#### [The input]
lemma merge_mem_pvalues_event_iff:
  assumes "x \<in> extensional {..<n}"
  shows "merge {..<n} {n..<n + m} (x, y) \<in> pvalues_event n m A B
    \<longleftrightarrow> x \<in> A \<and> (\<forall>i<m. calib_pvalue n x (y (n + i)) \<in> B i)"
proof -
  have disj: "{..<n} \<inter> {n..<n + m} = {}"
    by auto
  then have "restrict (merge {..<n} {n..<n + m} (x, y)) {..<n} = x"
    using assms by (simp add: extensional_restrict)
  moreover have "calib_pvalue n (merge {..<n} {n..<n + m} (x, y)) t = calib_pvalue n x t" for t
    using disj by (intro calib_pvalue_cong) simp
  moreover have "merge {..<n} {n..<n + m} (x, y) (n + i) = y (n + i)" if "i < m" for i
    using disj that by simp
  ultimately show ?thesis
    by (simp add: pvalues_event_def)
qed

lemma restrict_mem_pvalues_event_iff:
  "restrict s {..<n + m} \<in> pvalues_event n m A B
    \<longleftrightarrow> restrict s {..<n} \<in> A \<and> (\<forall>i<m. conf_pvalue n s i \<in> B i)"
proof -
  have "restrict (restrict s {..<n + m}) {..<n} = restrict s {..<n}"
    by (rule restrict_ext) simp
  moreover have "calib_pvalue n (restrict s {..<n + m}) t = calib_pvalue n s t" for t
    by (rule calib_pvalue_cong) simp
  ultimately show ?thesis
    by (simp add: pvalues_event_def conf_pvalue_eq_calib_pvalue)
qed

context real_distribution
begin

lemma borel_measurable_PiM_component:
  "j \<in> I \<Longrightarrow> (\<lambda>\<omega>. \<omega> j) \<in> borel_measurable (PiM I (\<lambda>_. M))"
  using measurable_component_singleton[of j I "\<lambda>_. M"]
  by (simp add: measurable_cong_sets[OF refl events_eq_borel])

lemma borel_measurable_PU_cdf:
  assumes "{..<n} \<subseteq> I" and "B \<in> sets borel"
  shows "(\<lambda>x. PU n (\<lambda>j. 1 - cdf M (x j)) B) \<in> borel_measurable (PiM I (\<lambda>_. M))"
proof -
  have "(\<lambda>w. calib_pvalue n (fst w) (snd w)) \<in> borel_measurable (PiM I (\<lambda>_. M) \<Otimes>\<^sub>M M)"
    using assms(1)
    by (intro borel_measurable_calib_pvalue measurable_compose[OF measurable_fst borel_measurable_PiM_component])
      (auto simp: measurable_cong_sets[OF refl events_eq_borel, symmetric])
  then have "(\<lambda>x. measure M {t \<in> space M. calib_pvalue n x t \<in> B}) \<in> borel_measurable (PiM I (\<lambda>_. M))"
    using assms(2) by (intro borel_measurable_measure_Pair_vimage) (simp_all add: case_prod_beta')
  then show ?thesis
    by (simp add: measure_calib_pvalue_in)
qed

lemma sets_PiM_pvalues_event:
  assumes A: "A \<in> sets (PiM {..<n} (\<lambda>_. borel))" and B: "\<And>i. i < m \<Longrightarrow> B i \<in> sets borel"
  shows "space (PiM {..<n + m} (\<lambda>_. M)) \<inter> pvalues_event n m A B \<in> sets (PiM {..<n + m} (\<lambda>_. M))"
  unfolding pvalues_event_def Int_def mem_Collect_eq
proof (rule sets.sets_Collect_conj)
  have "(\<lambda>\<omega>. restrict \<omega> {..<n}) \<in> measurable (PiM {..<n + m} (\<lambda>_. M)) (PiM {..<n} (\<lambda>_. M))"
    by (rule measurable_restrict_subset) simp
  moreover have "A \<in> sets (PiM {..<n} (\<lambda>_. M))"
    using A by (subst sets_PiM_cong) auto
  ultimately show "{\<omega> \<in> space (PiM {..<n + m} (\<lambda>_. M)). restrict \<omega> {..<n} \<in> A}
      \<in> sets (PiM {..<n + m} (\<lambda>_. M))"
    by (intro predE pred_sets2)
  have "(\<lambda>\<omega>. calib_pvalue n \<omega> (\<omega> (n + i))) \<in> borel_measurable (PiM {..<n + m} (\<lambda>_. M))" if "i < m" for i
    using that by (intro borel_measurable_calib_pvalue borel_measurable_PiM_component) auto
  with B have "{\<omega> \<in> space (PiM {..<n + m} (\<lambda>_. M)). \<forall>i\<in>{..<m}. calib_pvalue n \<omega> (\<omega> (n + i)) \<in> B i}
      \<in> sets (PiM {..<n + m} (\<lambda>_. M))"
    by (intro sets.sets_Collect_finite_All predE pred_sets2) auto
  then show "{\<omega> \<in> space (PiM {..<n + m} (\<lambda>_. M)). \<forall>i<m. calib_pvalue n \<omega> (\<omega> (n + i)) \<in> B i}
      \<in> sets (PiM {..<n + m} (\<lambda>_. M))"
    by (simp only: Ball_def lessThan_iff)
qed

lemma emeasure_PiM_pvalues_event:
  assumes A: "A \<in> sets (PiM {..<n} (\<lambda>_. borel))" and B: "\<And>i. i < m \<Longrightarrow> B i \<in> sets borel"
  shows "emeasure (PiM {..<n + m} (\<lambda>_. M)) (space (PiM {..<n + m} (\<lambda>_. M)) \<inter> pvalues_event n m A B)
    = (\<integral>\<^sup>+x. indicator A x * (\<Prod>i<m. ennreal (PU n (\<lambda>j. 1 - cdf M (x j)) (B i))) \<partial>PiM {..<n} (\<lambda>_. M))"
proof -
  interpret PS: product_prob_space "\<lambda>_::nat. M"
    by (intro product_prob_spaceI prob_space_axioms)
  define I where "I = {..<n}"
  define J where "J = {n..<n + m}"
  have IJ: "I \<inter> J = {}" "finite I" "finite J" and K: "{..<n + m} = I \<union> J"
    by (auto simp: I_def J_def)
  have prod_J: "(\<Prod>j\<in>J. emeasure M {t. calib_pvalue n x t \<in> B (j - n)})
      = (\<Prod>i<m. ennreal (PU n (\<lambda>j. 1 - cdf M (x j)) (B i)))" for x
  proof -
    have "(\<Prod>j\<in>J. emeasure M {t. calib_pvalue n x t \<in> B (j - n)})
        = (\<Prod>i<m. emeasure M {t. calib_pvalue n x t \<in> B i})"
      unfolding J_def by (rule prod.reindex_bij_witness[of _ "\<lambda>i. n + i" "\<lambda>j. j - n"]) auto
    then show ?thesis
      by (simp add: emeasure_eq_measure measure_calib_pvalue_in)
  qed
  have "emeasure (PiM (I \<union> J) (\<lambda>_. M)) (space (PiM (I \<union> J) (\<lambda>_. M)) \<inter> pvalues_event n m A B)
      = (\<integral>\<^sup>+x. indicator A x * (\<Prod>j\<in>J. emeasure M {t. calib_pvalue n x t \<in> B (j - n)}) \<partial>PiM I (\<lambda>_. M))"
  proof (rule PS.emeasure_PiM_merge_sections[OF IJ])
    show "space (PiM (I \<union> J) (\<lambda>_. M)) \<inter> pvalues_event n m A B \<in> sets (PiM (I \<union> J) (\<lambda>_. M))"
      unfolding K[symmetric] using A B by (rule sets_PiM_pvalues_event)
    fix x y assume "x \<in> space (PiM I (\<lambda>_. M))" "y \<in> space (PiM J (\<lambda>_. M))"
    moreover from this have "merge I J (x, y) \<in> space (PiM (I \<union> J) (\<lambda>_. M))"
      using IJ(1) by (auto simp: space_PiM PiE_def)
    ultimately show "merge I J (x, y) \<in> space (PiM (I \<union> J) (\<lambda>_. M)) \<inter> pvalues_event n m A B
        \<longleftrightarrow> x \<in> A \<and> (\<forall>j\<in>J. y j \<in> {t. calib_pvalue n x t \<in> B (j - n)})"
      unfolding I_def J_def ball_atLeastLessThan_add_iff
      by (simp add: merge_mem_pvalues_event_iff space_PiM PiE_def)
  next
    fix x j assume "j \<in> J"
    then show "{t. calib_pvalue n x t \<in> B (j - n)} \<in> sets M"
      by (intro sets_calib_pvalue_vimage B) (auto simp: J_def)
  qed
  also have "\<dots> = (\<integral>\<^sup>+x. indicator A x * (\<Prod>i<m. ennreal (PU n (\<lambda>j. 1 - cdf M (x j)) (B i))) \<partial>PiM I (\<lambda>_. M))"
    by (simp only: prod_J)
  finally show ?thesis
    by (simp add: K I_def)
qed

lemma measure_PiM_pvalues_event:
  assumes A: "A \<in> sets (PiM {..<n} (\<lambda>_. borel))" and B: "\<And>i. i < m \<Longrightarrow> B i \<in> sets borel"
  shows "measure (PiM {..<n + m} (\<lambda>_. M)) (space (PiM {..<n + m} (\<lambda>_. M)) \<inter> pvalues_event n m A B)
    = (\<integral>x. indicator A x * (\<Prod>i<m. PU n (\<lambda>j. 1 - cdf M (x j)) (B i)) \<partial>PiM {..<n} (\<lambda>_. M))"
proof -
  have "(\<Prod>i<m. ennreal (PU n (\<lambda>j. 1 - cdf M (x j)) (B i)))
      = ennreal (\<Prod>i<m. PU n (\<lambda>j. 1 - cdf M (x j)) (B i))" for x
    by (simp add: prod_ennreal PU_cdf_nonneg)
  then have "measure (PiM {..<n + m} (\<lambda>_. M)) (space (PiM {..<n + m} (\<lambda>_. M)) \<inter> pvalues_event n m A B)
      = enn2real (\<integral>\<^sup>+x. ennreal (indicator A x * (\<Prod>i<m. PU n (\<lambda>j. 1 - cdf M (x j)) (B i))) \<partial>PiM {..<n} (\<lambda>_. M))"
    by (simp add: measure_def emeasure_PiM_pvalues_event[OF A B] ennreal_mult' ennreal_indicator)
  also have "\<dots> = (\<integral>x. indicator A x * (\<Prod>i<m. PU n (\<lambda>j. 1 - cdf M (x j)) (B i)) \<partial>PiM {..<n} (\<lambda>_. M))"
  proof (rule enn2real_nn_integral_eq_integral)
    have "A \<in> sets (PiM {..<n} (\<lambda>_. M))"
      using A by (subst sets_PiM_cong) auto
    then show "(\<lambda>x. indicator A x * (\<Prod>i<m. PU n (\<lambda>j. 1 - cdf M (x j)) (B i))) \<in> borel_measurable (PiM {..<n} (\<lambda>_. M))"
      using B by (intro borel_measurable_times borel_measurable_indicator borel_measurable_prod borel_measurable_PU_cdf) auto
  qed (auto simp: PU_cdf_nonneg intro!: AE_I2 mult_nonneg_nonneg prod_nonneg)
  finally show ?thesis .
qed

end

lemma (in prob_space) measure_calibration_pvalues:
  fixes S :: "nat \<Rightarrow> 'a \<Rightarrow> real"
  assumes indep: "indep_vars (\<lambda>_. borel) S {..<n + m}" and "1 \<le> n"
    and law: "\<And>i. i < n + m \<Longrightarrow> distr M borel (S i) = D"
    and A: "A \<in> sets (PiM {..<n} (\<lambda>_. borel))" and B: "\<And>i. i < m \<Longrightarrow> B i \<in> sets borel"
  shows "prob {x \<in> space M. (\<lambda>j\<in>{..<n}. S j x) \<in> A \<and> (\<forall>i<m. conf_pvalue n (\<lambda>j. S j x) i \<in> B i)}
       = (\<integral>x. indicator A (\<lambda>j\<in>{..<n}. S j x) * (\<Prod>i<m. PU n (\<lambda>j. 1 - cdf D (S j x)) (B i)) \<partial>M)"
proof -
  have rv: "random_variable borel (S i)" if "i < n + m" for i
    using indep that by (auto simp: indep_vars_def)
  interpret D: real_distribution D
    using law[of 0] rv[of 0] \<open>1 \<le> n\<close> by auto
  define E where "E = space (PiM {..<n + m} (\<lambda>_. D)) \<inter> pvalues_event n m A B"
  define g where "g x = indicator A x * (\<Prod>i<m. PU n (\<lambda>j. 1 - cdf D (x j)) (B i))" for x
  have nonempty: "{..<n} \<noteq> {}" "{..<n + m} \<noteq> {}"
    using \<open>1 \<le> n\<close> by (auto simp: lessThan_empty_iff)
  have "{x \<in> space M. (\<lambda>j\<in>{..<n}. S j x) \<in> A \<and> (\<forall>i<m. conf_pvalue n (\<lambda>j. S j x) i \<in> B i)}
      = (\<lambda>x. \<lambda>i\<in>{..<n + m}. S i x) -` E \<inter> space M"
    using restrict_mem_pvalues_event_iff[of "\<lambda>j. S j _" n m A B]
    by (auto simp: E_def space_PiM)
  also have "prob \<dots> = measure (PiM {..<n + m} (\<lambda>_. D)) E"
    using indep nonempty(2) law D.sets_PiM_pvalues_event[OF A B]
    by (intro measure_vimage_restrict_iid) (auto simp: E_def)
  also have "\<dots> = (\<integral>x. g x \<partial>PiM {..<n} (\<lambda>_. D))"
    unfolding E_def g_def by (rule D.measure_PiM_pvalues_event[OF A B])
  also have "\<dots> = (\<integral>x. g (\<lambda>j\<in>{..<n}. S j x) \<partial>M)"
  proof (rule integral_restrict_iid[symmetric])
    show "indep_vars (\<lambda>_. borel) S {..<n}"
      using indep by (rule indep_vars_subset) simp
    have "A \<in> sets (PiM {..<n} (\<lambda>_. D))"
      using A by (subst sets_PiM_cong) auto
    then show "g \<in> borel_measurable (PiM {..<n} (\<lambda>_. D))"
      unfolding g_def using B
      by (intro borel_measurable_times borel_measurable_indicator borel_measurable_prod D.borel_measurable_PU_cdf)
        auto
  qed (use nonempty law in auto)
  also have "\<dots> = (\<integral>x. indicator A (\<lambda>j\<in>{..<n}. S j x) * (\<Prod>i<m. PU n (\<lambda>j. 1 - cdf D (S j x)) (B i)) \<partial>M)"
    unfolding g_def by (intro Bochner_Integration.integral_cong refl arg_cong2[where f = "(*)"] prod.cong PU_cong) auto
  finally show ?thesis .
qed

#### [Task goal]
Please count the lines of the material above that contain "forall", and give only the number.

#### [Answer]
7